Reproduce all of the data word for word.

- _Records supplied_

──────

locale C_mixing_process =
  fixes M :: "'a measure"
    and X :: "nat \<Rightarrow> 'a \<Rightarrow> 'b::{banach, second_countable_topology}"
    and C :: "('b \<Rightarrow> real) set" and Cn :: "('b \<Rightarrow> real) \<Rightarrow> real"
    and c \<sigma>2 C\<^sub>1 C\<^sub>2 :: real and k :: nat
  assumes prob_space_M: "prob_space M"
    and X_meas [measurable]: "\<And>i. 1 \<le> i \<Longrightarrow> X i \<in> borel_measurable M"
    and X_centered: "\<And>i. 1 \<le> i \<Longrightarrow> integral\<^sup>L M (X i) = 0"
    and C_class: "C_class c C Cn" and c_pos: "0 < c"
    and X_bounded: "\<And>i \<omega>. 1 \<le> i \<Longrightarrow> \<omega> \<in> space M \<Longrightarrow> norm (X i \<omega>) \<le> c"
    and X_second_moment: "\<And>i. 1 \<le> i \<Longrightarrow> (\<integral>\<omega>. (norm (X i \<omega>))\<^sup>2 \<partial>M) \<le> \<sigma>2"
    and C\<^sub>1_nonneg: "0 \<le> C\<^sub>1" and C\<^sub>2_nonneg: "0 \<le> C\<^sub>2"
    and linear_in_C: "\<And>s :: 'b \<Rightarrow>\<^sub>L real. restrX c (blinfun_apply s) \<in> C"
    and linear_C_bound: "\<And>s :: 'b \<Rightarrow>\<^sub>L real. norm s \<le> 1 \<Longrightarrow> Cn (restrX c (blinfun_apply s)) \<le> C\<^sub>1"
    and norm_square_in_C: "restrX c (\<lambda>x. (norm x)\<^sup>2) \<in> C"
    and norm_square_C_bound: "Cn (restrX c (\<lambda>x. (norm x)\<^sup>2)) \<le> C\<^sub>2"
    and mixing_finite: "C_mixing_coeff M X C Cn k < \<infinity>"
begin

──────

- _Task output_
locale C_mixing_process =
  fixes M :: "'a measure"
    and X :: "nat \<Rightarrow> 'a \<Rightarrow> 'b::{banach, second_countable_topology}"
    and C :: "('b \<Rightarrow> real) set" and Cn :: "('b \<Rightarrow> real) \<Rightarrow> real"
    and c \<sigma>2 C\<^sub>1 C\<^sub>2 :: real and k :: nat
  assumes prob_space_M: "prob_space M"
    and X_meas [measurable]: "\<And>i. 1 \<le> i \<Longrightarrow> X i \<in> borel_measurable M"
    and X_centered: "\<And>i. 1 \<le> i \<Longrightarrow> integral\<^sup>L M (X i) = 0"
    and C_class: "C_class c C Cn" and c_pos: "0 < c"
    and X_bounded: "\<And>i \<omega>. 1 \<le> i \<Longrightarrow> \<omega> \<in> space M \<Longrightarrow> norm (X i \<omega>) \<le> c"
    and X_second_moment: "\<And>i. 1 \<le> i \<Longrightarrow> (\<integral>\<omega>. (norm (X i \<omega>))\<^sup>2 \<partial>M) \<le> \<sigma>2"
    and C\<^sub>1_nonneg: "0 \<le> C\<^sub>1" and C\<^sub>2_nonneg: "0 \<le> C\<^sub>2"
    and linear_in_C: "\<And>s :: 'b \<Rightarrow>\<^sub>L real. restrX c (blinfun_apply s) \<in> C"
    and linear_C_bound: "\<And>s :: 'b \<Rightarrow>\<^sub>L real. norm s \<le> 1 \<Longrightarrow> Cn (restrX c (blinfun_apply s)) \<le> C\<^sub>1"
    and norm_square_in_C: "restrX c (\<lambda>x. (norm x)\<^sup>2) \<in> C"
    and norm_square_C_bound: "Cn (restrX c (\<lambda>x. (norm x)\<^sup>2)) \<le> C\<^sub>2"
    and mixing_finite: "C_mixing_coeff M X C Cn k < \<infinity>"
begin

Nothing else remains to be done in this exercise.